======== Data to examine

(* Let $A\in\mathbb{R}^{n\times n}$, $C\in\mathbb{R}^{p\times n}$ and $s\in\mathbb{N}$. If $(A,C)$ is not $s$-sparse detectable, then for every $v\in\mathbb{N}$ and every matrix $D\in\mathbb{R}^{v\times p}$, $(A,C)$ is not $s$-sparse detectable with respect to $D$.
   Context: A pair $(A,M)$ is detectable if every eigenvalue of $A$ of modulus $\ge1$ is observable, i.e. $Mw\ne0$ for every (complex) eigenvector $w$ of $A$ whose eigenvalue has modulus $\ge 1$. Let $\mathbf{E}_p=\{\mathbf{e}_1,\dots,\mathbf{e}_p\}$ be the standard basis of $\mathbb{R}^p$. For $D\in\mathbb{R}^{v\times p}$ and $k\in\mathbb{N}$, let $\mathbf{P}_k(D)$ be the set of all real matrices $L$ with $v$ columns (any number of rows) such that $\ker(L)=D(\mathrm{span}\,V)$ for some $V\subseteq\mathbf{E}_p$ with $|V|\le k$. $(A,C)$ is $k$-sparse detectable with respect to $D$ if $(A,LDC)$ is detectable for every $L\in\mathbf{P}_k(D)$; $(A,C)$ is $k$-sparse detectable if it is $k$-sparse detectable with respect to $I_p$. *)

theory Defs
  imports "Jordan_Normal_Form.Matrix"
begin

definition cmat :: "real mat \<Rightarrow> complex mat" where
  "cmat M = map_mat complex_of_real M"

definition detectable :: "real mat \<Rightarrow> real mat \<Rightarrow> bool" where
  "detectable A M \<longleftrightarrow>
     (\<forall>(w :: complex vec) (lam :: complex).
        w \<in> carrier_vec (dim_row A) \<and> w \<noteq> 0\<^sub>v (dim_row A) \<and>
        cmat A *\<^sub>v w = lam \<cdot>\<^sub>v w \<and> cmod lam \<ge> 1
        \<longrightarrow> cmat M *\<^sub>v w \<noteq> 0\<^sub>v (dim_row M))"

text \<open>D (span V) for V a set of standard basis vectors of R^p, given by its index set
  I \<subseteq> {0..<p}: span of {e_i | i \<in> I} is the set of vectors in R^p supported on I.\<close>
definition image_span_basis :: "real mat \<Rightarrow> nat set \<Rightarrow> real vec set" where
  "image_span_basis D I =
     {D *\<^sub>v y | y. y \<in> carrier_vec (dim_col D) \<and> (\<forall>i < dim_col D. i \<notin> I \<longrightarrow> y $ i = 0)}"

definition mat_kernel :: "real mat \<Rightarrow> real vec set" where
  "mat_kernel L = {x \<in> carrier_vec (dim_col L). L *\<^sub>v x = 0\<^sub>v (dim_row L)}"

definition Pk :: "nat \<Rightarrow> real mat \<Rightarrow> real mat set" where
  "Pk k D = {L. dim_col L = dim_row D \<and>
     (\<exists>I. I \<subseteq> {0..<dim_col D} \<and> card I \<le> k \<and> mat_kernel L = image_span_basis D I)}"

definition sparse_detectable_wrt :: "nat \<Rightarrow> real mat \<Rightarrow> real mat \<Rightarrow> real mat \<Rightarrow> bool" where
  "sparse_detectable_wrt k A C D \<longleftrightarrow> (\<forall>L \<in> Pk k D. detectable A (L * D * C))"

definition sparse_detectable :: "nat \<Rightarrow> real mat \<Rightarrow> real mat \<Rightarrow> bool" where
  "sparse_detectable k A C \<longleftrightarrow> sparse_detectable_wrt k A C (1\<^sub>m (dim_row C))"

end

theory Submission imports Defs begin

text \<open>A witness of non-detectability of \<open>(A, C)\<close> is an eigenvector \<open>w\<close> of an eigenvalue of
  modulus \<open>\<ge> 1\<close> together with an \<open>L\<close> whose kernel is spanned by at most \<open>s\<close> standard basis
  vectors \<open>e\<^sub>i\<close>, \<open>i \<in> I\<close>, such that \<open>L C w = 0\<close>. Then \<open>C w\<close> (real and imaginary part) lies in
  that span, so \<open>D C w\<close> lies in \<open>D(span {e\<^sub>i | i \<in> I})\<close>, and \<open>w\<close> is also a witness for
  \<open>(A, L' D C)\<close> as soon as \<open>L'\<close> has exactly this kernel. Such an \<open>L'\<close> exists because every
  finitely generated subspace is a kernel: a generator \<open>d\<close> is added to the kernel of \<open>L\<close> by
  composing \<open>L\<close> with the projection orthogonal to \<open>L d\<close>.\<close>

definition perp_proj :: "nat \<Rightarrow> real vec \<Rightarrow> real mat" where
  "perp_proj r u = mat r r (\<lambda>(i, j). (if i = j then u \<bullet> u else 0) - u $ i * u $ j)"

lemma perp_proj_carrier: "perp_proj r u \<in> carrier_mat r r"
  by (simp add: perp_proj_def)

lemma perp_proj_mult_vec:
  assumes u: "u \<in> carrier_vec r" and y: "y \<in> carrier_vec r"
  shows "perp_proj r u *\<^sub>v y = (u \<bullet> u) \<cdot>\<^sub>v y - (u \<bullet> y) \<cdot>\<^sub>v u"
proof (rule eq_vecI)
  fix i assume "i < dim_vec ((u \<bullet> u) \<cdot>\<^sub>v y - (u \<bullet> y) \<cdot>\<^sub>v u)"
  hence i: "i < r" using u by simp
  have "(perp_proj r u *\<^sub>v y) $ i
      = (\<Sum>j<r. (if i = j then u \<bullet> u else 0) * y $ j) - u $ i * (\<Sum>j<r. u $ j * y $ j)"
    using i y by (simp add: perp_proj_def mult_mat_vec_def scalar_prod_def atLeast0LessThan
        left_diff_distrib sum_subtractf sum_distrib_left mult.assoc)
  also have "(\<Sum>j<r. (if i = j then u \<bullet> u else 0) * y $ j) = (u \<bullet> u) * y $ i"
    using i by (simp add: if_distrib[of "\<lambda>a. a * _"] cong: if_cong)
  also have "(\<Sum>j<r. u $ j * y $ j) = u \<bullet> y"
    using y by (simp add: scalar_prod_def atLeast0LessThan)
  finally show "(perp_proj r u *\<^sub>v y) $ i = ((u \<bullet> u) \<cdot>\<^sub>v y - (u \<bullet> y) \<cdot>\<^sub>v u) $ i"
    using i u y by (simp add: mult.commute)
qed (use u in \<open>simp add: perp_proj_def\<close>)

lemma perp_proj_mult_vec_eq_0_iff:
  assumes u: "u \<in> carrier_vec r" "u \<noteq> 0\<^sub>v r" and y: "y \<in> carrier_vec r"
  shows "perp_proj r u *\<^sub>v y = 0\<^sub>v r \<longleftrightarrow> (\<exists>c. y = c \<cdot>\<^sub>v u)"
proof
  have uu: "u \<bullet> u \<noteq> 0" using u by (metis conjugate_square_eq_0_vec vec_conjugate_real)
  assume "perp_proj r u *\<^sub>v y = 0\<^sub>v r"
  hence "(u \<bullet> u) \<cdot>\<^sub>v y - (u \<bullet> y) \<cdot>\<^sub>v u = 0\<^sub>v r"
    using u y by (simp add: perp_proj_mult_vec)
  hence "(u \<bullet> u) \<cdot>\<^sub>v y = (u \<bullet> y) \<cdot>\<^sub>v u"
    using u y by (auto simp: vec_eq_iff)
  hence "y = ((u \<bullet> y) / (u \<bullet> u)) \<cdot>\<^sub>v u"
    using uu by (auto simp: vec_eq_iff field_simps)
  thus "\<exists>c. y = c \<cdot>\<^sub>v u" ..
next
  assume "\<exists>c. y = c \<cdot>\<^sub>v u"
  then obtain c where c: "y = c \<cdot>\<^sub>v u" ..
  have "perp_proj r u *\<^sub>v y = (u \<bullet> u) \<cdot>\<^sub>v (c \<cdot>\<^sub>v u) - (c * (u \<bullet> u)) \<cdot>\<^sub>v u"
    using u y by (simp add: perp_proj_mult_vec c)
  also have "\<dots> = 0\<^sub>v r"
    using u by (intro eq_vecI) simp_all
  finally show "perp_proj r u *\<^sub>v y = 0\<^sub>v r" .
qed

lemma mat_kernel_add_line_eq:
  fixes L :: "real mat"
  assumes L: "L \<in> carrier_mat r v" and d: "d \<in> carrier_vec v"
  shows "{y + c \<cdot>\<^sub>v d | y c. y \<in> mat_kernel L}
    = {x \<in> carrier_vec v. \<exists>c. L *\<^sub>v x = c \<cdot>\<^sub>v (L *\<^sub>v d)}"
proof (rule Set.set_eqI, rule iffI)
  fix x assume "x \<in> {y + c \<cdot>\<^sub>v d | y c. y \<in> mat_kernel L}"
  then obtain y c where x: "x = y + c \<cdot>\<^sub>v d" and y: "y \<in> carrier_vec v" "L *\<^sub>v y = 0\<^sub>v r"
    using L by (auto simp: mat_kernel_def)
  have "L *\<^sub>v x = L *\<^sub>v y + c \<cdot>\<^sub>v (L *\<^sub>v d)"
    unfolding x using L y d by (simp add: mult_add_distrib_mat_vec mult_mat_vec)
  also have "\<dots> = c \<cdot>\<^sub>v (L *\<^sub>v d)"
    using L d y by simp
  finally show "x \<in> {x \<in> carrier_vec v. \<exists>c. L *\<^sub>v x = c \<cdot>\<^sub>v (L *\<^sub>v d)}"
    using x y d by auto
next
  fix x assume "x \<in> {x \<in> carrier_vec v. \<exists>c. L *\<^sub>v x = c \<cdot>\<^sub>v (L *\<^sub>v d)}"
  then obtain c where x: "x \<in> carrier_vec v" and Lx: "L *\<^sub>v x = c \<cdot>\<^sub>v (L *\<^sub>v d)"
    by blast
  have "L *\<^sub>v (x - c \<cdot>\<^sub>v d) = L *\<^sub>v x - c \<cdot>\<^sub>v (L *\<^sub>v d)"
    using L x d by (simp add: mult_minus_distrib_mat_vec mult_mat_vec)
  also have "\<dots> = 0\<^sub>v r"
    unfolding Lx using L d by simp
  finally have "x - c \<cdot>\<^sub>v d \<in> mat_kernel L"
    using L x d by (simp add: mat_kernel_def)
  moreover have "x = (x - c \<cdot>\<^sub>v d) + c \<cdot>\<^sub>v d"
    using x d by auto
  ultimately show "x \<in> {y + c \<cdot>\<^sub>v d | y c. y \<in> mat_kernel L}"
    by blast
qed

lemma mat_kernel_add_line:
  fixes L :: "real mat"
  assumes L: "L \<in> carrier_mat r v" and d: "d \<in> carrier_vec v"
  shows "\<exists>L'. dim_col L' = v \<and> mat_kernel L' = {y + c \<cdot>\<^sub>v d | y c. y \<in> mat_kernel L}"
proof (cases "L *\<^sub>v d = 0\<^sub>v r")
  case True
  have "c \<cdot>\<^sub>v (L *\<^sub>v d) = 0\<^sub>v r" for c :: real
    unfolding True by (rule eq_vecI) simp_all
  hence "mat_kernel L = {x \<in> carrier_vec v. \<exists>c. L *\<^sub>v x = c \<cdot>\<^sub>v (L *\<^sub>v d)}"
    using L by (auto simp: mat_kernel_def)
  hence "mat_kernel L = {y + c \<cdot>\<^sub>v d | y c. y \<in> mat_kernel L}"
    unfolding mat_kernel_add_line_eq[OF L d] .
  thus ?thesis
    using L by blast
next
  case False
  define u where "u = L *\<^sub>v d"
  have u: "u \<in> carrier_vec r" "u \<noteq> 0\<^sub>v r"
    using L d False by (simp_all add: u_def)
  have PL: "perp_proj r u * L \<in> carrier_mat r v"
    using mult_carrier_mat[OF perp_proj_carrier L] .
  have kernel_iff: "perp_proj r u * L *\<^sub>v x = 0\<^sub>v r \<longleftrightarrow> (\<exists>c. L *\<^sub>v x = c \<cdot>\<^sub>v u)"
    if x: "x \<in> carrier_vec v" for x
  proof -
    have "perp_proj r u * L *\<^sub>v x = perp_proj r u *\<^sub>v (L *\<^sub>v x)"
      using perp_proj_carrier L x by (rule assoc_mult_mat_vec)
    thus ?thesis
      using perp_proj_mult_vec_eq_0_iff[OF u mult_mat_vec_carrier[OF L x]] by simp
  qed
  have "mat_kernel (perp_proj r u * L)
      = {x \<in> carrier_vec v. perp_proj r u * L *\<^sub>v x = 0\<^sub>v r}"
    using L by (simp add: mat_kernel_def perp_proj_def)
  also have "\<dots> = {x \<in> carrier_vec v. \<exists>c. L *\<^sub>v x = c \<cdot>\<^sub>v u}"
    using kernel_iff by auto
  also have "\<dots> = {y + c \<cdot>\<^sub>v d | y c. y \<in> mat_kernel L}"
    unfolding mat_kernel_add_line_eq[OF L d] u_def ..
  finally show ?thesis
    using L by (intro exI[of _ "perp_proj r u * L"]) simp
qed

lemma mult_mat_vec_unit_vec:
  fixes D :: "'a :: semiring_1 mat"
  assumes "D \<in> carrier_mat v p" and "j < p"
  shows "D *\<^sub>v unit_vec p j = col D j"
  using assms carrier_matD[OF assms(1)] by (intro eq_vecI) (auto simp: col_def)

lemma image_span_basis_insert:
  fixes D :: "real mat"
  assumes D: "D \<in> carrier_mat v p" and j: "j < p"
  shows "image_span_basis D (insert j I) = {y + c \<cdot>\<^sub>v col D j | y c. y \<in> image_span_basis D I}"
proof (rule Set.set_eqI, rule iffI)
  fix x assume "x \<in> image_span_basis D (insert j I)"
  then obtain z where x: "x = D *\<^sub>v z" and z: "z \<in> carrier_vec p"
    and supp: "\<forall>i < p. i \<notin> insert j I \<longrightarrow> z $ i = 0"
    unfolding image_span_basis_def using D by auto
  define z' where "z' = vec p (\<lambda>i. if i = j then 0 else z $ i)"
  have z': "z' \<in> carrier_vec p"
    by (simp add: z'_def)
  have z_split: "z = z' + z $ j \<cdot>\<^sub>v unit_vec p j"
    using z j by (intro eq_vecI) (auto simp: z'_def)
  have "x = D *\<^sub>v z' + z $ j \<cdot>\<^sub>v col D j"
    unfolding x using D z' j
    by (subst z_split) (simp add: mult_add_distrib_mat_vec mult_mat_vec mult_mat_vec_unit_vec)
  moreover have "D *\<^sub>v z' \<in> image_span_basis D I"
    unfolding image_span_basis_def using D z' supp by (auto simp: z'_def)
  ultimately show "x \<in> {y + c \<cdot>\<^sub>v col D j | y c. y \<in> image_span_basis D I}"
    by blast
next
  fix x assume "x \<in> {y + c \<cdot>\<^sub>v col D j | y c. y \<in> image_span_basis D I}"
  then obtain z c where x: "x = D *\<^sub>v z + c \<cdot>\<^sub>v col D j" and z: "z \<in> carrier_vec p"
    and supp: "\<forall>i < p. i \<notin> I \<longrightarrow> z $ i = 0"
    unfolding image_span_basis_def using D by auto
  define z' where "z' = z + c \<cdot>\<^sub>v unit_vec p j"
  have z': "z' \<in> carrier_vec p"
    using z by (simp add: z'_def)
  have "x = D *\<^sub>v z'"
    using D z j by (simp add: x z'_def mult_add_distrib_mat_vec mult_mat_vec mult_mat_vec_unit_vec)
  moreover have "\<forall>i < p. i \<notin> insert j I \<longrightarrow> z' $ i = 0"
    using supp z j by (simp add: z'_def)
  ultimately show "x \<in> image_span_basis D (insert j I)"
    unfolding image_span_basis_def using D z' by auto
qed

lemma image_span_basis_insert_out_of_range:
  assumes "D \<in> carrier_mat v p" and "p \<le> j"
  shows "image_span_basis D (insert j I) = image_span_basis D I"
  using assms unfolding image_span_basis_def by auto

================

• Exercise details: Go to the line with "using perp_proj_mult_vec_eq_0_iff[OF u" in the entries above and repeat every line from there through the line with "finally show ?thesis", exactly and with no other text.

• Completed task:
      using perp_proj_mult_vec_eq_0_iff[OF u mult_mat_vec_carrier[OF L x]] by simp
  qed
  have "mat_kernel (perp_proj r u * L)
      = {x \<in> carrier_vec v. perp_proj r u * L *\<^sub>v x = 0\<^sub>v r}"
    using L by (simp add: mat_kernel_def perp_proj_def)
  also have "\<dots> = {x \<in> carrier_vec v. \<exists>c. L *\<^sub>v x = c \<cdot>\<^sub>v u}"
    using kernel_iff by auto
  also have "\<dots> = {y + c \<cdot>\<^sub>v d | y c. y \<in> mat_kernel L}"
    unfolding mat_kernel_add_line_eq[OF L d] u_def ..
  finally show ?thesis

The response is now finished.